In adding reference numerals to the components of each drawing, it should be noted that the same reference numerals are assigned to the same components as much as possible even though they are shown in different drawings. In addition, in describing the present disclosure, when it is determined that the detailed description of the related well-known configuration or function may obscure the gist of the present disclosure, the detailed description thereof will be omitted.

Unless otherwise defined, all terms used in the present specification (including technical and scientific terms) may be used in a sense that may be commonly understood by those skilled in the art. In addition, the terms defined in the commonly used dictionaries are not ideally or excessively interpreted unless they are specifically defined clearly. The terminology used herein is for the purpose of describing particular embodiments only and is not intended to be limiting of the disclosure. In this specification, the singular also includes the plural unless specifically stated otherwise in the phrase.

In addition, in describing the component of this disclosure, terms, such as first, second, A, B, (a), (b), may be used. These terms are only for distinguishing the components from other components, and the nature or order of the components is not limited by the terms. If a component is described as being “connected,” “coupled” or “contacted” to another component, that component may be directly connected to or contacted with that other component, but it should be understood that another component also may be “connected,” “coupled” or “contacted” between each component.

Embodiments of the present disclosure will be described with reference to the attached drawings.

FIGS. 1 and 2 are example diagrams schematically illustrating a performance evaluation system 10 and its operating environment according to embodiments of the present disclosure.

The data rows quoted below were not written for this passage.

lemma K_span_Cons_replace:
  assumes "\<mu> \<in> K" "\<mu> \<noteq> 0" "x \<in> span_K vs"
  shows "span_K (\<mu> * (v + x) # vs) = span_K (v # vs)"
proof (rule K_span_eq_if_mutual)
  have sub: "span_K vs \<subseteq> span_K (y # vs)" for y
    using K_span_append(2)[of vs "[y]"] by simp
  have "v \<in> span_K (v # vs)" using set_subset_K_span[of "v # vs"] by simp
  hence "\<mu> * (v + x) \<in> span_K (v # vs)"
    using assms sub by (intro K_subspace_scale K_subspace_add K_subspace_K_span) auto
  thus "set (\<mu> * (v + x) # vs) \<subseteq> span_K (v # vs)" using set_subset_K_span[of "v # vs"] by auto
  have "\<mu> * (v + x) \<in> span_K (\<mu> * (v + x) # vs)" using set_subset_K_span[of "\<mu> * (v + x) # vs"] by simp
  hence "inverse \<mu> * (\<mu> * (v + x)) \<in> span_K (\<mu> * (v + x) # vs)"
    using assms(1) by (rule_tac K_subspace_scale[OF K_subspace_K_span]) simp_all
  moreover have "inverse \<mu> * (\<mu> * (v + x)) = v + x" using assms(2) by simp
  ultimately have "(v + x) - x \<in> span_K (\<mu> * (v + x) # vs)"
    using assms(3) sub by (intro K_subspace_diff[OF K_subspace_K_span]) auto
  then show "set (v # vs) \<subseteq> span_K (\<mu> * (v + x) # vs)"
    using set_subset_K_span[of "\<mu> * (v + x) # vs"] by auto
qed

definition coeff_vectors :: "nat \<Rightarrow> (nat \<Rightarrow> 'a) set" where
  "coeff_vectors m = PiE {..<m} (\<lambda>_. K)"

lemma finite_coeff_vectors: "finite (coeff_vectors m)"
  by (simp add: coeff_vectors_def finite_PiE K_def)

lemma card_coeff_vectors: "card (coeff_vectors m) = card K ^ m"
  by (simp add: coeff_vectors_def card_PiE)

lemma K_span_eq_image: "span_K vs = (\<lambda>c. lincomb c vs) ` coeff_vectors (length vs)"
proof
  show "span_K vs \<subseteq> (\<lambda>c. lincomb c vs) ` coeff_vectors (length vs)"
  proof
    fix x assume "x \<in> span_K vs"
    then obtain c where c: "x = lincomb c vs" "\<forall>i<length vs. c i \<in> K" by (auto simp: K_span_eq)
    hence "restrict c {..<length vs} \<in> coeff_vectors (length vs)" "x = lincomb (restrict c {..<length vs}) vs"
      by (auto simp: coeff_vectors_def)
    thus "x \<in> (\<lambda>c. lincomb c vs) ` coeff_vectors (length vs)" by blast
  qed
  show "(\<lambda>c. lincomb c vs) ` coeff_vectors (length vs) \<subseteq> span_K vs"
    by (auto simp: coeff_vectors_def intro!: lincomb_mem_K_span)
qed

lemma K_indep_iff_inj_on: "indep_K vs \<longleftrightarrow> inj_on (\<lambda>c. lincomb c vs) (coeff_vectors (length vs))"
proof
  assume "indep_K vs"
  show "inj_on (\<lambda>c. lincomb c vs) (coeff_vectors (length vs))"
  proof (rule inj_onI)
    fix c d assume cd: "c \<in> coeff_vectors (length vs)" "d \<in> coeff_vectors (length vs)"
      and eq: "lincomb c vs = lincomb d vs"
    hence "c i \<in> K" "d i \<in> K" if "i < length vs" for i using that by (auto simp: coeff_vectors_def PiE_iff)
    hence "c i = d i" if "i < length vs" for i using K_indep_coeffs_unique[OF \<open>indep_K vs\<close> _ _ eq that] by blast
    thus "c = d" using cd unfolding coeff_vectors_def by (intro PiE_ext) auto
  qed
next
  assume inj: "inj_on (\<lambda>c. lincomb c vs) (coeff_vectors (length vs))"
  show "indep_K vs" unfolding K_indep_iff
  proof (intro allI impI)
    fix c i assume c: "(\<forall>i<length vs. c i \<in> K) \<and> lincomb c vs = 0" and i: "i < length vs"
    let ?c = "restrict c {..<length vs}" and ?z = "restrict (\<lambda>_. 0) {..<length vs}"
    have "?c \<in> coeff_vectors (length vs)" "?z \<in> coeff_vectors (length vs)"
      using c by (auto simp: coeff_vectors_def)
    moreover have "lincomb ?c vs = lincomb ?z vs" using c by simp
    ultimately have "?c = ?z" by (intro inj_onD[OF inj])
    hence "?c i = ?z i" by (rule fun_cong)
    thus "c i = 0" using i by simp
  qed
qed

lemma card_K_ge_4: "card K \<ge> 4"
  using card_K q2_ge_4 by simp

lemma card_K_span: "indep_K vs \<Longrightarrow> card (span_K vs) = card K ^ length vs"
  by (simp add: K_span_eq_image K_indep_iff_inj_on card_image card_coeff_vectors)

lemma K_indep_of_card_K_span:
  assumes "card (span_K vs) = card K ^ length vs" shows "indep_K vs"
proof -
  have "card ((\<lambda>c. lincomb c vs) ` coeff_vectors (length vs)) = card (coeff_vectors (length vs))"
    using assms by (simp add: K_span_eq_image card_coeff_vectors)
  thus ?thesis by (simp add: K_indep_iff_inj_on eq_card_imp_inj_on[OF finite_coeff_vectors])
qed

lemma K_span_eq_of_K_indep:
  assumes "basis_K U vs" "set ws \<subseteq> U" "length ws = length vs" "indep_K ws"
  shows "span_K ws = U"
proof -
  have U: "U = span_K vs" "indep_K vs" using assms(1) by (auto simp: K_basis_of_def)
  have "span_K ws \<subseteq> U" using U(1) assms(2) K_span_subset[OF K_subspace_K_span] by blast
  moreover have "card (span_K ws) = card U"
    using card_K_span[OF assms(4)] card_K_span[OF U(2)] U(1) assms(3) by simp
  ultimately show ?thesis using U(1) by (intro card_subset_eq) auto
qed

lemma K_indep_of_K_span_eq:
  assumes "basis_K U vs" "length ws = length vs" "span_K ws = U"
  shows "indep_K ws"
  using assms card_K_span[of vs] by (intro K_indep_of_card_K_span) (auto simp: K_basis_of_def)

lemma K_basis_length_eq:
  assumes "basis_K U vs" "basis_K U ws" shows "length vs = length ws"
proof -
  have "card K ^ length vs = card K ^ length ws"
    using assms card_K_span[of vs] card_K_span[of ws] by (auto simp: K_basis_of_def)
  thus ?thesis using card_K_ge_4 by simp
qed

As illustrated in FIG. 1 or 2, the performance evaluation system 10 is a system that can evaluate the performance of a model 11 of a source domain using an unlabeled dataset 12 of a target domain. That is, the performance evaluation system 10 may evaluate the performance of the model 11 belonging to the source domain (i.e., the performance for the target domain) by using the unlabeled dataset 12 of the target domain as an evaluation dataset. Here, the model 11 may be a model trained (i.e., supervised learning) using a labeled dataset (e.g., see 21 in FIG. 2) of the source domain. For ease of description, the performance evaluation system 10 will hereinafter be shortened to ‘evaluation system 10’.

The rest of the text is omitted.